I am now officially a Unitarian Universalist.

For two years, I’ve been attending a local UU church and playing in their orchestra. It’s been very rewarding. I maintained the whole time that I didn’t want to join the church. I didn’t want to add “I am a         ” to my identity; I didn’t want to be a member of something; I wanted to be as independent of religious establishments as possible. (I don’t really count UU as a religion, for a variety of reasons… but that’s a post for another day.)

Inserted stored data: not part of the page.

text \<open>
Let \<open>B = B(f)\<close> and let \<open>S\<close> be the set of vertices reachable from \<open>s\<close> by a simple path of
bottleneck cost below \<open>B\<close> under \<open>f\<close>. Then \<open>s \<in> S\<close>, the Nash property gives \<open>t \<notin> S\<close>, and
every edge leaving \<open>S\<close> has cost at least \<open>B\<close>. By subpath optimality a path used by \<open>f\<close>
leaves \<open>S\<close> only once, whereas every \<open>s\<close>-\<open>t\<close> path leaves \<open>S\<close> at least once. Counting flow
across the cut, any other flow \<open>g\<close> puts at least as much flow as \<open>f\<close> on some cut edge it
uses, so by monotonicity of the latencies \<open>B(g) \<ge> B\<close>.
\<close>

lemma vseq_conv: "vseq dst x p = x # map dst p"
  by (induction p arbitrary: x) auto

lemma walk_take: "walk E src dst x p y \<Longrightarrow> walk E src dst x (take k p) (last (vseq dst x (take k p)))"
  by (induction p arbitrary: x k) (auto simp: vseq_conv take_Cons split: nat.split)

lemma last_vseq_take_nth:
  "walk E src dst x p y \<Longrightarrow> k < length p \<Longrightarrow> last (vseq dst x (take k p)) = src (p ! k)"
  by (induction p arbitrary: x k) (auto simp: vseq_conv take_Cons nth_Cons split: nat.split)

lemma walk_snoc:
  "walk E src dst x q y \<Longrightarrow> e \<in> E \<Longrightarrow> src e = y \<Longrightarrow> walk E src dst x (q @ [e]) (dst e)"
  by (induction q arbitrary: x) auto

lemma walk_edges_subset: "walk E src dst x q y \<Longrightarrow> set q \<subseteq> E"
  by (induction q arbitrary: x) auto

lemma walk_leaves_set:
  "walk E src dst x p y \<Longrightarrow> x \<in> S \<Longrightarrow> y \<notin> S \<Longrightarrow> \<exists>e\<in>set p. e \<in> E \<and> src e \<in> S \<and> dst e \<notin> S"
  by (induction p arbitrary: x) auto

lemma in_vseq_imp_take: "w \<in> set (vseq dst x q) \<Longrightarrow> \<exists>k\<le>length q. last (vseq dst x (take k q)) = w"
proof -
  assume "w \<in> set (vseq dst x q)"
  then consider "w = x" | i where "i < length q" "w = dst (q ! i)"
    by (auto simp: vseq_conv in_set_conv_nth)
  then show ?thesis
  proof cases
    case 1
    then show ?thesis by (intro exI[of _ 0]) (simp add: vseq_conv)
  next
    case 2
    then show ?thesis by (intro exI[of _ "Suc i"]) (simp add: vseq_conv take_Suc_conv_app_nth)
  qed
qed

lemma spath_take: "spath E src dst x p y \<Longrightarrow> spath E src dst x (take k p) (last (vseq dst x (take k p)))"
proof -
  assume "spath E src dst x p y"
  moreover have "vseq dst x (take k p) = take (Suc k) (vseq dst x p)"
    by (simp add: vseq_conv take_map)
  ultimately show ?thesis
    unfolding spath_def by (metis walk_take distinct_take)
qed

lemma spath_snoc:
  assumes "spath E src dst x q y" "e \<in> E" "src e = y" "dst e \<notin> set (vseq dst x q)"
  shows "spath E src dst x (q @ [e]) (dst e)"
  using assms walk_snoc[of E src dst x q y e] unfolding spath_def by (auto simp: vseq_conv)

lemma finite_stpaths: "finite E \<Longrightarrow> finite (stpaths E src dst s t)"
proof (rule finite_subset[OF _ finite_subset_distinct])
  show "stpaths E src dst s t \<subseteq> {xs. set xs \<subseteq> E \<and> distinct xs}"
    unfolding stpaths_def spath_def by (auto dest: walk_edges_subset simp: vseq_conv distinct_map)
qed

lemma card_inter_set_le_1:
  assumes "\<And>i j. i < j \<Longrightarrow> j < length p \<Longrightarrow> p ! i \<in> C \<Longrightarrow> p ! j \<notin> C"
  shows "card (C \<inter> set p) \<le> 1"
proof -
  have "a = b" if ha: "a \<in> C \<inter> set p" and hb: "b \<in> C \<inter> set p" for a b
  proof -
    obtain i where "i < length p" "p ! i = a"
      using ha by (metis IntD2 in_set_conv_nth)
    moreover obtain j where "j < length p" "p ! j = b"
      using hb by (metis IntD2 in_set_conv_nth)
    ultimately show "a = b"
      using assms[of i j] assms[of j i] ha hb by (cases i j rule: linorder_cases) auto
  qed
  then show ?thesis by (simp add: card_le_Suc0_iff_eq)
qed

lemma bcost_nonneg: "0 \<le> bcost E src dst s t c f q"
  unfolding bcost_def by (rule Max_ge) auto

lemma bcost_ge: "e \<in> set q \<Longrightarrow> c e (edge_flow E src dst s t f e) \<le> bcost E src dst s t c f q"
  unfolding bcost_def by (rule Max_ge) auto

lemma bcost_mono: "set q \<subseteq> set q' \<Longrightarrow> bcost E src dst s t c f q \<le> bcost E src dst s t c f q'"
  unfolding bcost_def by (rule Max_mono) auto

lemma bcost_Nil: "bcost E src dst s t c f [] = 0"
  unfolding bcost_def by simp

lemma bcost_snoc:
  "bcost E src dst s t c f (q @ [e]) = max (c e (edge_flow E src dst s t f e)) (bcost E src dst s t c f q)"
proof -
  let ?c = "\<lambda>e. c e (edge_flow E src dst s t f e)"
  have "bcost E src dst s t c f (q @ [e]) = Max (insert (?c e) (insert 0 (?c ` set q)))"
    unfolding bcost_def by (simp add: insert_commute)
  then show ?thesis
    unfolding bcost_def by (subst (asm) Max_insert) auto
qed

lemma bvert_le: "spath E src dst s q u \<Longrightarrow> bvert E src dst s t c f u \<le> bcost E src dst s t c f q"
  unfolding bvert_def
  by (rule cInf_lower) (auto intro: bdd_belowI[where m=0] simp: bcost_nonneg)

lemma Bf_conv_Max_image:
  "Bf E src dst s t c g = Max (bcost E src dst s t c g ` {p \<in> stpaths E src dst s t. g p > 0})"
  unfolding Bf_def by (rule arg_cong[where f = Max]) auto

lemma bcost_le_Bf:
  assumes "finite E" "p \<in> stpaths E src dst s t" "g p > 0"
  shows "bcost E src dst s t c g p \<le> Bf E src dst s t c g"
  unfolding Bf_conv_Max_image using finite_stpaths[OF assms(1), of src dst s t] assms(2,3)
  by (intro Max_ge) auto

lemma flow_has_used_path:
  assumes "is_flow E src dst s t r g" "r > 0"
  obtains p where "p \<in> stpaths E src dst s t" "g p > 0"
proof -
  have "\<exists>p\<in>stpaths E src dst s t. g p \<noteq> 0"
  proof (rule ccontr)
    assume "\<not> ?thesis"
    then have "sum g (stpaths E src dst s t) = 0" by simp
    with assms show False unfolding is_flow_def by simp
  qed
  moreover have "\<And>p. 0 \<le> g p" using assms(1) unfolding is_flow_def by blast
  ultimately show ?thesis using that by (auto simp: less_le)
qed

lemma Bf_attained:
  assumes "finite E" "is_flow E src dst s t r g" "r > 0"
  obtains p where "p \<in> stpaths E src dst s t" "g p > 0" "bcost E src dst s t c g p = Bf E src dst s t c g"
proof -
  let ?A = "{p \<in> stpaths E src dst s t. g p > 0}"
  obtain p0 where "p0 \<in> stpaths E src dst s t" "g p0 > 0"
    using flow_has_used_path[OF assms(2,3)] .
  then have "bcost E src dst s t c g ` ?A \<noteq> {}" by blast
  moreover have "finite (bcost E src dst s t c g ` ?A)"
    using finite_stpaths[OF assms(1), of src dst s t] by simp
  ultimately have "Bf E src dst s t c g \<in> bcost E src dst s t c g ` ?A"
    unfolding Bf_conv_Max_image by (rule Max_in[rotated])
  then obtain p where "p \<in> ?A" "bcost E src dst s t c g p = Bf E src dst s t c g" by auto
  then show ?thesis using that by blast
qed

lemma edge_flow_nonneg: "is_flow E src dst s t r g \<Longrightarrow> 0 \<le> edge_flow E src dst s t g e"
  unfolding edge_flow_def is_flow_def by (auto intro: sum_nonneg)

lemma edge_flow_le: "finite E \<Longrightarrow> is_flow E src dst s t r g \<Longrightarrow> edge_flow E src dst s t g e \<le> r"
  unfolding edge_flow_def is_flow_def
  by (metis (no_types, lifting) finite_stpaths mem_Collect_eq subsetI sum_mono2)

lemma edge_flow_pos_imp_used_path:
  assumes "is_flow E src dst s t r g" "edge_flow E src dst s t g e > 0"
  obtains p where "p \<in> stpaths E src dst s t" "e \<in> set p" "g p > 0"
proof -
  have "\<exists>p\<in>{p \<in> stpaths E src dst s t. e \<in> set p}. g p \<noteq> 0"
  proof (rule ccontr)
    assume "\<not> ?thesis"
    then have "edge_flow E src dst s t g e = 0" unfolding edge_flow_def by simp
    with assms(2) show False by simp
  qed
  moreover have "\<And>p. 0 \<le> g p" using assms(1) unfolding is_flow_def by blast
  ultimately show ?thesis using that by (auto simp: less_le)
qed

lemma sum_edge_flow_eq:
  assumes "finite E" "finite C"
  shows "(\<Sum>e\<in>C. edge_flow E src dst s t g e) = (\<Sum>p\<in>stpaths E src dst s t. g p * card (C \<inter> set p))"
proof -
  have "(\<Sum>e\<in>C. edge_flow E src dst s t g e)
      = (\<Sum>p\<in>stpaths E src dst s t. \<Sum>e\<in>C. if e \<in> set p then g p else 0)"
    unfolding edge_flow_def
    by (simp add: sum.inter_filter finite_stpaths[OF assms(1)] sum.swap[of _ C])
  also have "\<dots> = (\<Sum>p\<in>stpaths E src dst s t. g p * card (C \<inter> set p))"
    using assms(2) by (simp add: sum.If_cases Int_def mult.commute)
  finally show ?thesis .
qed

lemma sum_edge_flow_le_rate:
  assumes "finite E" "finite C" and f: "is_flow E src dst s t r f"
    and once: "\<And>p. p \<in> stpaths E src dst s t \<Longrightarrow> f p > 0 \<Longrightarrow> card (C \<inter> set p) \<le> 1"
  shows "(\<Sum>e\<in>C. edge_flow E src dst s t f e) \<le> r"
proof -
  have term_le: "f p * card (C \<inter> set p) \<le> f p" if "p \<in> stpaths E src dst s t" for p
  proof (cases "f p > 0")
    case True
    then show ?thesis using once[OF that] by (simp add: mult_le_cancel_left1)
  next
    case False
    with f have "f p = 0" unfolding is_flow_def by (meson antisym not_less)
    then show ?thesis by simp
  qed
  have "(\<Sum>e\<in>C. edge_flow E src dst s t f e) = (\<Sum>p\<in>stpaths E src dst s t. f p * card (C \<inter> set p))"
    by (rule sum_edge_flow_eq[OF assms(1,2)])
  also have "\<dots> \<le> (\<Sum>p\<in>stpaths E src dst s t. f p)" using term_le by (rule sum_mono)
  also have "\<dots> = r" using f unfolding is_flow_def by simp
  finally show ?thesis .
qed

lemma rate_le_sum_edge_flow:
  assumes "finite E" "finite C" and g: "is_flow E src dst s t r g"
    and meets: "\<And>p. p \<in> stpaths E src dst s t \<Longrightarrow> C \<inter> set p \<noteq> {}"
  shows "r \<le> (\<Sum>e\<in>C. edge_flow E src dst s t g e)"
proof -
  have term_ge: "g p \<le> g p * card (C \<inter> set p)" if "p \<in> stpaths E src dst s t" for p
  proof -
    have "1 \<le> card (C \<inter> set p)"
      using meets[OF that] by (simp add: Suc_le_eq card_gt_0_iff)
    moreover have "0 \<le> g p" using g unfolding is_flow_def by blast
    ultimately show ?thesis by (simp add: mult_le_cancel_left1)
  qed
  have "r = (\<Sum>p\<in>stpaths E src dst s t. g p)" using g unfolding is_flow_def by simp
  also have "\<dots> \<le> (\<Sum>p\<in>stpaths E src dst s t. g p * card (C \<inter> set p))"
    using term_ge by (rule sum_mono)
  also have "\<dots> = (\<Sum>e\<in>C. edge_flow E src dst s t g e)"
    by (rule sum_edge_flow_eq[OF assms(1,2), symmetric])
  finally show ?thesis .
qed

lemma exists_pos_le_of_sum_le:
  fixes a b :: "'a \<Rightarrow> real"
  assumes "finite C" "sum a C \<le> sum b C" "0 < sum b C" "\<And>x. 0 \<le> a x"
  shows "\<exists>x\<in>C. 0 < b x \<and> a x \<le> b x"
proof (rule ccontr)
  assume "\<not> ?thesis"
  then have lt: "b x < a x" if "x \<in> C" "0 < b x" for x
    using that by (meson not_le)
  have "\<forall>x\<in>C. b x \<le> a x"
  proof
    fix x assume "x \<in> C"
    then show "b x \<le> a x" using lt[of x] assms(4)[of x] by (cases "0 < b x") auto
  qed
  moreover have "\<exists>x\<in>C. 0 < b x"
    using assms(3) by (meson not_le sum_nonpos)
  ultimately have "sum b C < sum a C"
    using lt by (intro sum_strict_mono_ex1[OF assms(1)]) auto
  with assms(2) show False by linarith
qed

This past Sunday was a service on creativity. Our orchestra and choir, combined with a guest choir and friends of the orchestra, performed Fauré’s Requiem. The church’s music director did all the speaking parts of the service. It was amazing. This service, however, is not why I joined. Why, then? Keep reading.

The church I joined has a program for 8th graders where they take a member of the congregation as a mentor, and over the course of the school year, analyze and question the nature and reasons for belief. They form whatever they end up forming, be it beliefs, creeds, guiding principles, all of the above, none of the above, whatever. Two Sundays ago, these 8th graders and their mentors spoke. That constituted almost the entirety of the service. And it was amazing. More amazing than the requiem, more than anything else. The students were awkward and halting in their speech, but their words were breathtakingly profound and moving.

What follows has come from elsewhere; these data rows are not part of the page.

lemma kraus_rank_eqI:
  assumes rep: "is_kraus_rep D T As" and "length As \<le> vec_space.rank (D * D) (choi D T)"
  shows "kraus_rank D T = length As"
  unfolding kraus_rank_def
proof (rule Least_equality)
  fix k assume "\<exists>Bs. is_kraus_rep D T Bs \<and> length Bs = k"
  then obtain Bs where Bs: "is_kraus_rep D T Bs" "length Bs = k" by blast
  have "choi D T = choi D (kraus_sum D Bs)"
    using Bs(1) by (intro choi_cong) (simp add: is_kraus_rep_def)
  then show "length As \<le> k"
    using assms(2) rank_choi_kraus_sum_le[of Bs D] Bs by (simp add: is_kraus_rep_def)
qed (use rep in blast)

The whole time, I kept thinking back to being in 8th grade. It was early in that school year that I realized I’m gay.”Homosexuality is a sin,” say the prophets, and “When the prophet speaks . . . the debate is over.” I’m homosexual, and homosexuality is a sin. I am a sin. Dirty, guilty, immoral, “the sin next to murder.” I make baby Jesus cry. (By the way, making someone feel that kind of existential guilt is a great way to manipulate them out of forming healthy boundaries, and into doing whatever the church asks, no matter what. But that’s a post for another day.)

Cue 10 years of almost constant effort to reconcile myself to the faith I’d inherited.

What if . . . ?

What if a trusted and respected mentor–someone the church recommended to me, but I chose–what if they had taught me that it was OK to question, OK to disagree, and OK to reach different conclusions? What if they had taught me to insist on evidence for claims made, dismiss those made without evidence, and refute those contradicted by good science? Would I have struggled so long and hurt so much? Would I still have spent 4 years trying to change myself into something I can’t (and should never) be?

Would I have given the church so much of my money?

“What if’s” are useless. What’s done is done. But these thoughts completely upended my refusal to join anything. Presented with young, impressionable, vulnerable youth, Unitarian Universalism gives them this. That’s worth throwing my weight behind. It’s worth adding something to my identity. It’s worth everything I can give it–everything the Mormons demanded from me, and more–and yet it asks for so much less.

Unitarian Univeralism represents the kind of thinking that could produce A World That Works For Everyone. So I joined. I am now a Unitarian Universalist.